For each of the six semesters, we collected students’ performance data (grades and points scored by each student in different assignments, tests, and discussion postings including comments from peers over the course; Fig. 1), along with course working group membership records, and research term paper contents. Data regarding interactions in discussion boards, student performance reports, and group membership of individuals was exported from the ELMS page, and in cases where automated data archiving was not possible, the data was recorded manually on a spreadsheet.

Fig. 1
figure 1

A schematic for the course structure—units used for data analysis. “D” here refers to a discussion

Data Analysis

To represent the interaction between students based on discussion posts and replies, we used an undirected weighted interaction network analysis for each discussion (Fig. 2).
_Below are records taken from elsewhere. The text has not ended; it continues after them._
lemma population_balance:
  assumes t: "t \<in> {0..T}"
  shows "n t = 1 - q * (s0 + e0 + i0 + j0) + q * (s t + e t + i t + j t)
                 + q * r1 * integral {0..t} i"
proof -
  have sub: "{0..t} \<subseteq> {0..T}" using t by auto
  have "incidence integrable_on {0..t}" "e integrable_on {0..t}"
    "i integrable_on {0..t}" "j integrable_on {0..t}"
    using state sub unfolding state_sol_def incidence_def by (auto intro: integrable_on_subinterval)
  moreover have "s t = s0 + integral {0..t} (\<lambda>\<tau>. - incidence \<tau>)"
    "e t = e0 + integral {0..t} (\<lambda>\<tau>. incidence \<tau> - g * e \<tau>)"
    "i t = i0 + integral {0..t} (\<lambda>\<tau>. sg1 * g * e \<tau> - r1 * i \<tau>)"
    "j t = j0 + integral {0..t} (\<lambda>\<tau>. sg2 * g * e \<tau> - r2 * j \<tau>)"
    "n t = 1 + integral {0..t} (\<lambda>\<tau>. - q * r2 * j \<tau>)"
    using integral_curves t unfolding integral_curve_def by auto
  moreover have "g * (sg1 * integral {0..t} e) + g * (sg2 * integral {0..t} e) = g * integral {0..t} e"
    using sigma_sum by (simp flip: distrib_left distrib_right)
  ultimately have balance:
    "s t + e t + i t + j t = s0 + e0 + i0 + j0 - r1 * integral {0..t} i - r2 * integral {0..t} j"
    "n t = 1 - q * r2 * integral {0..t} j"
    by (simp_all add: integral_diff integrable_on_mult_right algebra_simps)
  have "q * (s t + e t + i t + j t)
      = q * (s0 + e0 + i0 + j0) - q * r1 * integral {0..t} i - q * r2 * integral {0..t} j"
    unfolding balance(1) by (simp add: algebra_simps)
  with balance(2) show ?thesis by linarith
qed

lemma n_pos_if_i_pos:
  assumes t: "t \<in> {0..T}" and "0 < i t"
    and nonneg: "\<And>x. x \<in> {0..t} \<Longrightarrow> 0 \<le> s x \<and> 0 \<le> e x \<and> 0 \<le> i x \<and> 0 \<le> j x"
  shows "0 < n t"
proof -
  have "0 \<le> integral {0..t} i"
    using nonneg t by (intro integral_nonneg integrable_continuous_interval
        continuous_on_subset[OF state_continuous(3)]) auto
  then have "0 \<le> q * r1 * integral {0..t} i"
    using q_range rates_nonneg by simp
  moreover have "q * (s0 + e0 + i0 + j0) \<le> q"
    using q_range init_total mult_left_mono[of _ 1 q] by simp
  moreover have "q * i t \<le> q * (s t + e t + i t + j t)"
    using nonneg[of t] q_range t by (intro mult_left_mono) auto
  moreover have "0 < 1 - q + q * i t"
    using q_range \<open>0 < i t\<close> by (cases "q = 0") (auto intro: add_nonneg_pos)
  ultimately show ?thesis
    using population_balance[OF t] by simp
qed

definition min_state :: "real \<Rightarrow> real" where
  "min_state t = min (s t) (min (e t) (min (i t) (min (j t) (n t))))"

lemma min_state_continuous: "continuous_on {0..T} min_state"
  unfolding min_state_def by (intro continuous_on_min state_continuous)

lemma s_pos_at_end:
  assumes \<tau>: "0 < \<tau>" "\<tau> \<le> T" and s_before: "\<And>x. x \<in> {0..<\<tau>} \<Longrightarrow> 0 < s x"
    and nonneg: "\<And>x. x \<in> {0..\<tau>} \<Longrightarrow> 0 \<le> s x \<and> 0 \<le> i x \<and> 0 \<le> j x"
    and n_\<tau>: "0 < n \<tau>"
  shows "0 < s \<tau>"
proof -
  have "\<tau> \<in> {0..T}" "0 < n \<tau> / 2" using \<tau> n_\<tau> by auto
  from state_continuous(5)[unfolded continuous_on_iff, rule_format, OF this]
  obtain d where d: "0 < d"
    and n_near: "\<And>x. x \<in> {0..T} \<Longrightarrow> dist x \<tau> < d \<Longrightarrow> dist (n x) (n \<tau>) < n \<tau> / 2"
    by blast
  have "continuous_on {0..T} (\<lambda>x. b1 * i x + b2 * j x)"
    by (intro continuous_intros state_continuous)
  from continuous_attains_sup[OF compact_Icc _ this] horizon
  obtain M where M: "\<And>x. x \<in> {0..T} \<Longrightarrow> b1 * i x + b2 * j x \<le> M"
    by fastforce
  have "0 \<le> b1 * i \<tau> + b2 * j \<tau>" using nonneg[of \<tau>] rates_nonneg \<tau> by simp
  then have "0 \<le> M" using M[of \<tau>] \<tau> by simp
  show ?thesis
  proof (rule integral_curve_pos_at_end[OF integral_curves(1) \<tau> s_before _ d])
    show "0 \<le> M / (n \<tau> / 2)" using \<open>0 \<le> M\<close> n_\<tau> by simp
    fix x assume x: "x \<in> {0..\<tau>}" "\<tau> - x < d"
    then have "x \<in> {0..T}" using \<tau> by auto
    then have "\<bar>n x - n \<tau>\<bar> < n \<tau> / 2" using n_near x by (simp add: dist_real_def)
    then have "n \<tau> / 2 \<le> n x" by linarith
    then have "incidence x \<le> s x / (n \<tau> / 2) * (b1 * i x + b2 * j x)"
      unfolding incidence_def using rates_nonneg nonneg[OF x(1)] control_range[OF \<open>x \<in> {0..T}\<close>] n_\<tau>
      by (intro force_le) auto
    also have "\<dots> \<le> s x / (n \<tau> / 2) * M"
      using M[OF \<open>x \<in> {0..T}\<close>] nonneg[OF x(1)] n_\<tau> by (intro mult_left_mono) auto
    finally show "- (M / (n \<tau> / 2)) * s x \<le> - incidence x" by (simp add: field_simps)
  qed
qed

lemma min_state_pos_at_end:
  assumes \<tau>: "0 < \<tau>" "\<tau> \<le> T" and before: "\<And>x. x \<in> {0..<\<tau>} \<Longrightarrow> 0 < min_state x"
  shows "0 < min_state \<tau>"
proof -
  have pos: "0 < s x" "0 < e x" "0 < i x" "0 < j x" "0 < n x" if "x \<in> {0..<\<tau>}" for x
    using before[OF that] by (auto simp: min_state_def)
  have "0 \<le> min_state \<tau>"
    using \<tau> before
    by (intro nonneg_at_right_end[of 0 \<tau>] continuous_on_subset[OF min_state_continuous]) auto
  then have "0 \<le> min_state x" if "x \<in> {0..\<tau>}" for x
    using that before[of x] by (cases "x = \<tau>") (auto simp: less_imp_le)
  then have nonneg: "0 \<le> s x \<and> 0 \<le> e x \<and> 0 \<le> i x \<and> 0 \<le> j x \<and> 0 \<le> n x"
    if "x \<in> {0..\<tau>}" for x
    using that by (simp add: min_state_def)
  have incidence_nonneg: "0 \<le> incidence x" if "x \<in> {0..\<tau>}" for x
    using force_nonneg rates_nonneg nonneg[OF that] control_range[of x] \<tau> that
    unfolding incidence_def by auto
  have "0 < e \<tau>"
  proof (rule integral_curve_pos_at_end[OF integral_curves(2) \<tau> pos(2) rates_nonneg(3) zero_less_one])
    fix x assume "x \<in> {0..\<tau>}"
    then show "- g * e x \<le> incidence x - g * e x" using incidence_nonneg by simp
  qed
  have "0 < i \<tau>"
  proof (rule integral_curve_pos_at_end[OF integral_curves(3) \<tau> pos(3) rates_nonneg(4) zero_less_one])
    fix x assume "x \<in> {0..\<tau>}"
    then show "- r1 * i x \<le> sg1 * g * e x - r1 * i x" using nonneg rates_nonneg by simp
  qed
  have "0 < j \<tau>"
  proof (rule integral_curve_pos_at_end[OF integral_curves(4) \<tau> pos(4) rates_nonneg(5) zero_less_one])
    fix x assume "x \<in> {0..\<tau>}"
    then show "- r2 * j x \<le> sg2 * g * e x - r2 * j x" using nonneg rates_nonneg by simp
  qed
  have "0 < n \<tau>"
    using nonneg \<tau> \<open>0 < i \<tau>\<close> by (intro n_pos_if_i_pos) auto
  then have "0 < s \<tau>"
    using nonneg by (intro s_pos_at_end[OF \<tau> pos(1)]) auto
  show ?thesis
    using \<open>0 < s \<tau>\<close> \<open>0 < e \<tau>\<close> \<open>0 < i \<tau>\<close> \<open>0 < j \<tau>\<close> \<open>0 < n \<tau>\<close> by (simp add: min_state_def)
qed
As such, each node represents one individual, and an edge implies undirected interaction (we did not distinguish between who started a comment and who replied on the discussion board). We chose an undirected network format in our case to simplify our analysis. The weight of each edge denotes the number of interactions between the two specific nodes for a given discussion. These networks were constructed for each discussion (separately for every course) and were used to look at changes in interaction structure of discussions over the span of the semester. For each network, we calculated the node degree (number of edges connected to a given node) and total weight for each node (total sum of interactions per node) (Fig. 2). Because the discussions were assigned in sequence, we assumed them to be our temporal axes for each semester. Accordingly, we averaged the values over the six semesters along this time axis to calculate the mean node degree and node weight. We used R statistical software (v3.6) for this analysis and all subsequent analyses with the package igraph (Csardi & Nepusz, 2006).

Fig. 2
figure 2

An example representation of peer-to-peer interaction networks used in this study. The network consists of nodes (red circles) and edges between them (gray lines). Nodes represent individual students and edges represent interactions among them. The major metrics used in this study include the degree, which is the number of edges associated with a node (and is a node attribute), and edge weight, which represents the total number of interactions between two nodes (and is an attribute of the edge connecting them)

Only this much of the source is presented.